Posted December 31, 2004.

Approximately 70 percent of all deaths among adolescents aged 10-24 years are attributed to injuries from four causes: motor vehicle crashes account for 31 percent, homicide accounts for 15 percent, suicide accounts for 12 percent and all other unintentional injuries account for 12 percent.

States—

2002 Legislative Session

Enacted legislation included unintentional injury and school violence. The following is a sample of enacted legislation:

  • California Assembly Bill 2668 (Chapter 755) required brain and spinal cord injury curricula in schools contingent on the California Healthy Kids Resource Center receiving funds to review, acquire, and circulate the curricula. All funds necessary to implement the chapter would be provided by nonstate sources.
  • California Assembly Bill 2532 (Chapter 1096) required the state board of education to adopt maximum weight standards for textbooks.
  • California Assembly Bill 1901 (Chapter 643) authorized pupils’ expulsion or suspension for harassing, threatening or intimidating school district personnel.
  • California Senate Bill 1667 (Chapter 506) developed school plans for preventing school violence.
  • Illinois House Bill 1692 (Public Act 763) addressed intergroup conflict and improved intergroup relations on and beyond the school campus.
  • Pennsylvania House Resolution 655 and Louisiana Senate Concurrent Resolution 8 designated one week in September 2002 as Suicide Prevention Week, commemorated with yellow ribbons.
  • Pennsylvania House Resolution 728 declared November 2002 as “Brain Injury Awareness Month.”
  • Virginia House Bill 46 (Chapter 235) provided crisis intervention services to schools in times of violence or other traumatic incidents.

2003 Legislative Session

Enacted legislation included prohibiting bullying and hazing in schools, programs to prevent teen dating violence and suicide prevention.
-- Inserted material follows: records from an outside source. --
(*
  The rates satisfy detailed balance with respect to IP: a spin flip is only
  allowed at a vertex all of whose edges are closed, and then does not change the weight,
  while opening an edge e multiplies the weight by p/(1-p) and is possible at rate p only
  if delta_sigma(e) = 1.  Hence IP is stationary, the state at time s is IP-distributed, and
  the short-time rate of the jump eta -> eta^e is the IP-average, conditionally on eta, of
  p 1_{eta(e)=0} delta_sigma(e) + (1-p) 1_{eta(e)=1}.  Given eta, every open edge joins equal
  spins under IP, so delta_sigma(e) = 1 almost surely when gamma_eta(e) = 1.  Otherwise
  flipping all spins of the open cluster of one endpoint of e preserves the weight and
  toggles delta_sigma(e), so that delta_sigma(e) has conditional mean 1/2.
*)
theory Submission
  imports Defs
begin

section \<open>Exponentials of finite generator matrices\<close>

fun mat_pow :: "'s set \<Rightarrow> ('s \<Rightarrow> 's \<Rightarrow> real) \<Rightarrow> nat \<Rightarrow> 's \<Rightarrow> 's \<Rightarrow> real" where
  "mat_pow S Q 0 a b = (if a = b then 1 else 0)"
| "mat_pow S Q (Suc n) a b = (\<Sum>c\<in>S. Q a c * mat_pow S Q n c b)"

definition mat_exp :: "'s set \<Rightarrow> ('s \<Rightarrow> 's \<Rightarrow> real) \<Rightarrow> real \<Rightarrow> 's \<Rightarrow> 's \<Rightarrow> real" where
  "mat_exp S Q t a b = (\<Sum>n. t ^ n / fact n * mat_pow S Q n a b)"
(* A conditional frame $(X,\leq,\mathcal{R})$ validates $\mathsf{iCC}=\mathsf{ICK}\oplus(p\mathrel{\Box\!\!\!\rightarrow} p)\oplus(((p\mathrel{\Box\!\!\!\rightarrow} q)\wedge((p\wedge q)\mathrel{\Box\!\!\!\rightarrow} r))\to(p\mathrel{\Box\!\!\!\rightarrow} r))\oplus(((p\mathrel{\Box\!\!\!\rightarrow} q)\wedge(p\mathrel{\Box\!\!\!\rightarrow} r))\to((p\wedge q)\mathrel{\Box\!\!\!\rightarrow} r))$ if and only if for all $x\in X$ and upsets $a,b$: (i) $R_a[x]\subseteq a$; and (ii) $R_a[x]\subseteq b\subseteq a$ implies ${\uparrow}R_a[x]={\uparrow}R_b[x]$.
   Context: Formulas: $\phi ::= p\mid\bot\mid\phi\wedge\phi\mid\phi\vee\phi\mid\phi\to\phi\mid\phi\mathrel{\Box\!\!\!\rightarrow}\phi$. $\mathsf{ICK}\oplus\Gamma$ is the smallest set containing intuitionistic propositional logic, $\Gamma$, $(p\mathrel{\Box\!\!\!\rightarrow}(q\wedge r))\leftrightarrow((p\mathrel{\Box\!\!\!\rightarrow} q)\wedge(p\mathrel{\Box\!\!\!\rightarrow} r))$ and $(p\mathrel{\Box\!\!\!\rightarrow}\top)\leftrightarrow\top$, closed under uniform substitution, modus ponens and congruence rules for both arguments of $\mathrel{\Box\!\!\!\rightarrow}$. A conditional frame is $(X,\leq,\mathcal{R})$, $(X,\leq)$ a nonempty preorder, $\mathcal{R}=\{R_a\mid a\text{ an upset}\}$ with $(\leq\circ R_a)\subseteq(R_a\circ\leq)$; valuations assign upsets to letters and $x\models\phi\mathrel{\Box\!\!\!\rightarrow}\psi$ iff every $y$ with $xR_{V(\phi)}y$ satisfies $\psi$. *)

theory Defs
  imports Main
begin

datatype form =
    Var nat
  | Bot
  | And form form
  | Or form form
  | Imp form form
  | Cond form form

definition Top :: form where "Top = Imp Bot Bot"
definition Iff :: "form \<Rightarrow> form \<Rightarrow> form" where
  "Iff a b = And (Imp a b) (Imp b a)"

primrec subst :: "(nat \<Rightarrow> form) \<Rightarrow> form \<Rightarrow> form" where
  "subst s (Var n) = s n"
| "subst s Bot = Bot"
| "subst s (And a b) = And (subst s a) (subst s b)"
| "subst s (Or a b) = Or (subst s a) (subst s b)"
| "subst s (Imp a b) = Imp (subst s a) (subst s b)"
| "subst s (Cond a b) = Cond (subst s a) (subst s b)"

abbreviation "pP \<equiv> Var 0"
abbreviation "pQ \<equiv> Var 1"
abbreviation "pR \<equiv> Var 2"

inductive ipc_axiom :: "form \<Rightarrow> bool" where
  "ipc_axiom (Imp a (Imp b a))"
| "ipc_axiom (Imp (Imp a (Imp b c)) (Imp (Imp a b) (Imp a c)))"
| "ipc_axiom (Imp (And a b) a)"
| "ipc_axiom (Imp (And a b) b)"
| "ipc_axiom (Imp a (Imp b (And a b)))"
| "ipc_axiom (Imp a (Or a b))"
| "ipc_axiom (Imp b (Or a b))"
| "ipc_axiom (Imp (Imp a c) (Imp (Imp b c) (Imp (Or a b) c)))"
| "ipc_axiom (Imp Bot a)"

inductive_set ICK :: "form set \<Rightarrow> form set" for G :: "form set" where
  ipc: "ipc_axiom a \<Longrightarrow> a \<in> ICK G"
| extra: "a \<in> G \<Longrightarrow> a \<in> ICK G"
| conj_ax: "Iff (Cond pP (And pQ pR)) (And (Cond pP pQ) (Cond pP pR)) \<in> ICK G"
| top_ax: "Iff (Cond pP Top) Top \<in> ICK G"
| us: "a \<in> ICK G \<Longrightarrow> subst s a \<in> ICK G"
| mp: "Imp a b \<in> ICK G \<Longrightarrow> a \<in> ICK G \<Longrightarrow> b \<in> ICK G"
| cong_l: "Iff a b \<in> ICK G \<Longrightarrow> Iff (Cond a c) (Cond b c) \<in> ICK G"
| cong_r: "Iff a b \<in> ICK G \<Longrightarrow> Iff (Cond c a) (Cond c b) \<in> ICK G"

definition iCC_axioms :: "form set" where
  "iCC_axioms = {
     Cond pP pP,
     Imp (And (Cond pP pQ) (Cond (And pP pQ) pR)) (Cond pP pR),
     Imp (And (Cond pP pQ) (Cond pP pR)) (Cond (And pP pQ) pR)}"

definition iCC :: "form set" where "iCC = ICK iCC_axioms"

definition upset :: "'w set \<Rightarrow> ('w \<Rightarrow> 'w \<Rightarrow> bool) \<Rightarrow> 'w set \<Rightarrow> bool" where
  "upset X le a \<longleftrightarrow> a \<subseteq> X \<and> (\<forall>x\<in>a. \<forall>y\<in>X. le x y \<longrightarrow> y \<in> a)"

definition up :: "'w set \<Rightarrow> ('w \<Rightarrow> 'w \<Rightarrow> bool) \<Rightarrow> 'w set \<Rightarrow> 'w set" where
  "up X le S = {y \<in> X. \<exists>s\<in>S. le s y}"

definition cond_frame ::
  "'w set \<Rightarrow> ('w \<Rightarrow> 'w \<Rightarrow> bool) \<Rightarrow> ('w set \<Rightarrow> ('w \<times> 'w) set) \<Rightarrow> bool" where
  "cond_frame X le R \<longleftrightarrow>
     X \<noteq> {} \<and>
     (\<forall>x\<in>X. le x x) \<and>
     (\<forall>x\<in>X. \<forall>y\<in>X. \<forall>z\<in>X. le x y \<longrightarrow> le y z \<longrightarrow> le x z) \<and>
     (\<forall>a. upset X le a \<longrightarrow>
        R a \<subseteq> X \<times> X \<and>
        (\<forall>x y z. x \<in> X \<longrightarrow> le x y \<longrightarrow> (y, z) \<in> R a \<longrightarrow>
           (\<exists>w. (x, w) \<in> R a \<and> le w z)))"

primrec sat ::
  "'w set \<Rightarrow> ('w \<Rightarrow> 'w \<Rightarrow> bool) \<Rightarrow> ('w set \<Rightarrow> ('w \<times> 'w) set) \<Rightarrow> (nat \<Rightarrow> 'w set)
     \<Rightarrow> form \<Rightarrow> 'w \<Rightarrow> bool" where
  "sat X le R V (Var n) x = (x \<in> V n)"
| "sat X le R V Bot x = False"
| "sat X le R V (And a b) x = (sat X le R V a x \<and> sat X le R V b x)"
| "sat X le R V (Or a b) x = (sat X le R V a x \<or> sat X le R V b x)"
| "sat X le R V (Imp a b) x =
     (\<forall>y\<in>X. le x y \<longrightarrow> sat X le R V a y \<longrightarrow> sat X le R V b y)"
| "sat X le R V (Cond a b) x =
     (\<forall>y. (x, y) \<in> R {z \<in> X. sat X le R V a z} \<longrightarrow> sat X le R V b y)"

definition frame_valid ::
  "'w set \<Rightarrow> ('w \<Rightarrow> 'w \<Rightarrow> bool) \<Rightarrow> ('w set \<Rightarrow> ('w \<times> 'w) set) \<Rightarrow> form \<Rightarrow> bool" where
  "frame_valid X le R f \<longleftrightarrow>
     (\<forall>V. (\<forall>n. upset X le (V n)) \<longrightarrow> (\<forall>x\<in>X. sat X le R V f x))"

definition validates ::
  "'w set \<Rightarrow> ('w \<Rightarrow> 'w \<Rightarrow> bool) \<Rightarrow> ('w set \<Rightarrow> ('w \<times> 'w) set) \<Rightarrow> form set \<Rightarrow> bool" where
  "validates X le R L \<longleftrightarrow> (\<forall>f\<in>L. frame_valid X le R f)"

end

theory Submission
  imports Defs
begin

text \<open>Every conditional frame validates ICK: truth sets are upsets (persistence uses the
  condition that le followed by R a is contained in R a followed by le), substitution is a
  change of valuation, and the congruence rules hold because a conditional only sees the truth
  set of its antecedent. So a frame validates iCC iff it validates the three extra axioms.
  Reading p, q, r as arbitrary upsets a, b, c, these say that R a [x] is contained in a, and
  that whenever R a [x] is contained in b, the sets R a [x] and R (a \<inter> b) [x] lie below
  the same upsets. Two sets have the same upward closure iff they lie below the same upsets,
  and R a [x] \<subseteq> b \<subseteq> a forces a \<inter> b = b, which turns the last condition into (ii).\<close>

abbreviation valuation :: "'w set \<Rightarrow> ('w \<Rightarrow> 'w \<Rightarrow> bool) \<Rightarrow> (nat \<Rightarrow> 'w set) \<Rightarrow> bool" where
  "valuation X le V \<equiv> \<forall>n. upset X le (V n)"

abbreviation truth_set ::
  "'w set \<Rightarrow> ('w \<Rightarrow> 'w \<Rightarrow> bool) \<Rightarrow> ('w set \<Rightarrow> ('w \<times> 'w) set) \<Rightarrow> (nat \<Rightarrow> 'w set)
     \<Rightarrow> form \<Rightarrow> 'w set" where
  "truth_set X le R V f \<equiv> {z \<in> X. sat X le R V f z}"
The following is a sample of legislation that passed:

  • Arkansas House Bill 1978 transferred funds from the Youth Violence Prevention (Common Ground) to the Drug Prevention and Intervention program.
  • Arkansas House Bill 2274(Act 681) mandated that policies define bullying and prohibit bullying on school property, at school sponsored activities and on school buses. It also required that the policy state the consequences of engaging in bullying behavior, required school employees to report incidences of bullying, and added bully prevention programs to the list of group conflict resolution services provided by school guidance counselors.
  • California Assembly Bill 1411 (Chapter 21) expanded the definition of hazing to include any method of initiation or preinitiation into a student body and authorized a superintendent or principal to expel or suspend a student who engages in, or attempts to engage in, hazing while on school grounds.
  • Georgia Senate Bill 346 (Act 398) required the state Board of Education to, among other things, develop a program for preventing teen dating violence for grades eight through 12 and directed the board to encourage local school boards to implement the program.
  • Missouri Senate Bill 618 (Chapter 630) directed the department of health, social services, education and corrections to collaborate on the design of a state suicide prevention plan and required the plan to promote the use of student assistance and educational programs to support students with depression, other psychiatric illnesses and substance abuse disorders.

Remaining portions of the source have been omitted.